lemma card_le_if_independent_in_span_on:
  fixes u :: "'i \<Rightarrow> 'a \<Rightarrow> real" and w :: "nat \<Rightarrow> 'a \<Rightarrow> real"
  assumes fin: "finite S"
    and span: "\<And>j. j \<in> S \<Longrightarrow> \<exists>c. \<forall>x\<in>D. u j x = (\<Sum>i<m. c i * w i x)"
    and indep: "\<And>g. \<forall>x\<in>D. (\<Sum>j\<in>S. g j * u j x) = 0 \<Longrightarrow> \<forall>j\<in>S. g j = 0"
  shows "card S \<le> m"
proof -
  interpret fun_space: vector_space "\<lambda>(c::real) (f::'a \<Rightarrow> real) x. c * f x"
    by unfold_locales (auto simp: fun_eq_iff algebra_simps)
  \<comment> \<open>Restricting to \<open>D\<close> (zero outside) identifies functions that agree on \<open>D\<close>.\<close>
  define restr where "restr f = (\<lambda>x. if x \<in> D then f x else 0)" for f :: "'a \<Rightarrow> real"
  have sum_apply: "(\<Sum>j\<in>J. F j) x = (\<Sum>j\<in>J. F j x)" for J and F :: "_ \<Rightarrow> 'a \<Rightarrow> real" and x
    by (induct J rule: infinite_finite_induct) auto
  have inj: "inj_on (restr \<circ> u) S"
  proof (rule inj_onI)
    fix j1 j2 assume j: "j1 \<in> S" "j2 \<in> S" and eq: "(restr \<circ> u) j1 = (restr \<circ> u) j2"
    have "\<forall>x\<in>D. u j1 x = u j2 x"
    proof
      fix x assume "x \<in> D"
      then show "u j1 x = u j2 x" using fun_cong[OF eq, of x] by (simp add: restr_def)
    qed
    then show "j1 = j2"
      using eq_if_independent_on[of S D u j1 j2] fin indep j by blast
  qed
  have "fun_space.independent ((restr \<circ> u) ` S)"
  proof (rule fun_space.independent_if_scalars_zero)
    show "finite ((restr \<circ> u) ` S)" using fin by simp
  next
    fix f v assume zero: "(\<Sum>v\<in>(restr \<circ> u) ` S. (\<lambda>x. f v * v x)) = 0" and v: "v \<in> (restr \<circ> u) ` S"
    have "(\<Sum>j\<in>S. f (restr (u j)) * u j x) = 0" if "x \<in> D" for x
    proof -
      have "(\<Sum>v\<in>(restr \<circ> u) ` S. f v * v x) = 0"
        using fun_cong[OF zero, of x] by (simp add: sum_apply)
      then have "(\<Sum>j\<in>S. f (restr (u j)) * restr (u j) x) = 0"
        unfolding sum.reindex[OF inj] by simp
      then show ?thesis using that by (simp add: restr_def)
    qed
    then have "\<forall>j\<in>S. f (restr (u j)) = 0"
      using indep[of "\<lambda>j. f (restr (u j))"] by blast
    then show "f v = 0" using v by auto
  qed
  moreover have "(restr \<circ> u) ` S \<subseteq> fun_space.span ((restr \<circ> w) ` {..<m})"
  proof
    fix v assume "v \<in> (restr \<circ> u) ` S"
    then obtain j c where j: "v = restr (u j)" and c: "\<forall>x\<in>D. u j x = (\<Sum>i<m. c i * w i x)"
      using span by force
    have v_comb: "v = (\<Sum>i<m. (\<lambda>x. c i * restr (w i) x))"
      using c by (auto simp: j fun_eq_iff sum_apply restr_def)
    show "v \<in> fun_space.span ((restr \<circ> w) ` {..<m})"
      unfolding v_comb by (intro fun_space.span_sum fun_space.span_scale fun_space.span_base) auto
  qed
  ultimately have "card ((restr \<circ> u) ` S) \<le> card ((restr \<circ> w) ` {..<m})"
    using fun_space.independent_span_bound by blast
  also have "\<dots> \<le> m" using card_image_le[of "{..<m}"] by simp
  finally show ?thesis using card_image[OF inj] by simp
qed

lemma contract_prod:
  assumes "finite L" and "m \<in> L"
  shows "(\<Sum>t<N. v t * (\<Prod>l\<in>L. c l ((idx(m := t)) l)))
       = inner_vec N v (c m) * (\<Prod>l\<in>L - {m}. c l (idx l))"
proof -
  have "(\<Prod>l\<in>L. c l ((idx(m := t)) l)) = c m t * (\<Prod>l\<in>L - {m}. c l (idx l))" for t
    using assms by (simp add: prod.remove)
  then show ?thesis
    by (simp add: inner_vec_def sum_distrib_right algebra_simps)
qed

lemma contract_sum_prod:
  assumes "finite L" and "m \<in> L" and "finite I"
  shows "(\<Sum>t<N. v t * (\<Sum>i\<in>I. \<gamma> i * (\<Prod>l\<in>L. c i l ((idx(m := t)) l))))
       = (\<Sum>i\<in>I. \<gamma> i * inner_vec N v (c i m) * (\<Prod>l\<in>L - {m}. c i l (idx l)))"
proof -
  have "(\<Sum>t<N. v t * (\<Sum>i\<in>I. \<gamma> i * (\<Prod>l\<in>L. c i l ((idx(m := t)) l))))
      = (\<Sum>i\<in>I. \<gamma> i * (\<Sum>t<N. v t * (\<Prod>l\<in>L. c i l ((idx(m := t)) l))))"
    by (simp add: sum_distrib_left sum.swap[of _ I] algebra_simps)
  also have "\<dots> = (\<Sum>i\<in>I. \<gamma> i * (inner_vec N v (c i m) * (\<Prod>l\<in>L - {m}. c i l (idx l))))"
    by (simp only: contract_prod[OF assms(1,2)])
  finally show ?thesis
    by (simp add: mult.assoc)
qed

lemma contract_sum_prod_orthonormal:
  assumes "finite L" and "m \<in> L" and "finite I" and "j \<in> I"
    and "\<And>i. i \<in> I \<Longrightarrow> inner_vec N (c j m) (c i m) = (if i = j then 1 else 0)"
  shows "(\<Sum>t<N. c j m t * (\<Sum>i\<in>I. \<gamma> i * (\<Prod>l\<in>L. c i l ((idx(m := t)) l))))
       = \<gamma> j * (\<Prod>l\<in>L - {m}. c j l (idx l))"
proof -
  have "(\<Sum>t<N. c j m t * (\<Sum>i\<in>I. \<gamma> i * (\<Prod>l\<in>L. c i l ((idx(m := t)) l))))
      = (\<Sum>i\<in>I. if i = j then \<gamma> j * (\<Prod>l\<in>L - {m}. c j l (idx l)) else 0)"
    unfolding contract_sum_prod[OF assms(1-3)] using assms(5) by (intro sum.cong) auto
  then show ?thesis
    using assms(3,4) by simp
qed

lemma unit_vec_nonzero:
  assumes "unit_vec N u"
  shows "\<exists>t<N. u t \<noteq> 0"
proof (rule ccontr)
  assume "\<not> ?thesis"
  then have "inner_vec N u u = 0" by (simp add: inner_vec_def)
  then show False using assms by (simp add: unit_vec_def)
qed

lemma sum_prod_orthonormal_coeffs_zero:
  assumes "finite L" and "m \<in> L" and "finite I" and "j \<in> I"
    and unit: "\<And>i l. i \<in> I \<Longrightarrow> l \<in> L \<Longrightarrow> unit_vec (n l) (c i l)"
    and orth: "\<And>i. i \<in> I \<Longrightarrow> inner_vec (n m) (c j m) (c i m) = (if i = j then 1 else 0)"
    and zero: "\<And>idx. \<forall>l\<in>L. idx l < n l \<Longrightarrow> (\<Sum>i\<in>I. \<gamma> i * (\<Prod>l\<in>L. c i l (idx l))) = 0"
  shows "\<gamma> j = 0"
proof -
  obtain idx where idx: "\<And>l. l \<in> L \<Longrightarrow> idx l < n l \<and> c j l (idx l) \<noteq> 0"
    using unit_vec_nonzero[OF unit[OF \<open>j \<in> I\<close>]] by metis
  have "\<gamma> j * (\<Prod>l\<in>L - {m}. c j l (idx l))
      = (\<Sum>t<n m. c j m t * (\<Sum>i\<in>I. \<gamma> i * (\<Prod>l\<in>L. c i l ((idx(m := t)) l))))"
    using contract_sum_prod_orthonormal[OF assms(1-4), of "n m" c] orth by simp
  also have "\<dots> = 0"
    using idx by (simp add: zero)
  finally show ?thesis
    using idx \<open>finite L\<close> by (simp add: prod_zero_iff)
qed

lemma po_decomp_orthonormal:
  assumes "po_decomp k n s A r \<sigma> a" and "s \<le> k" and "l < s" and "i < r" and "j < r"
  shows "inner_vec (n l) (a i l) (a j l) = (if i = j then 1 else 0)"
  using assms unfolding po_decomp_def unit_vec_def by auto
# # # # # # #
— Exercise prompt —
Each line above holding the word "open" counts; reply with how many there are, only the number.

— Output for this task —
3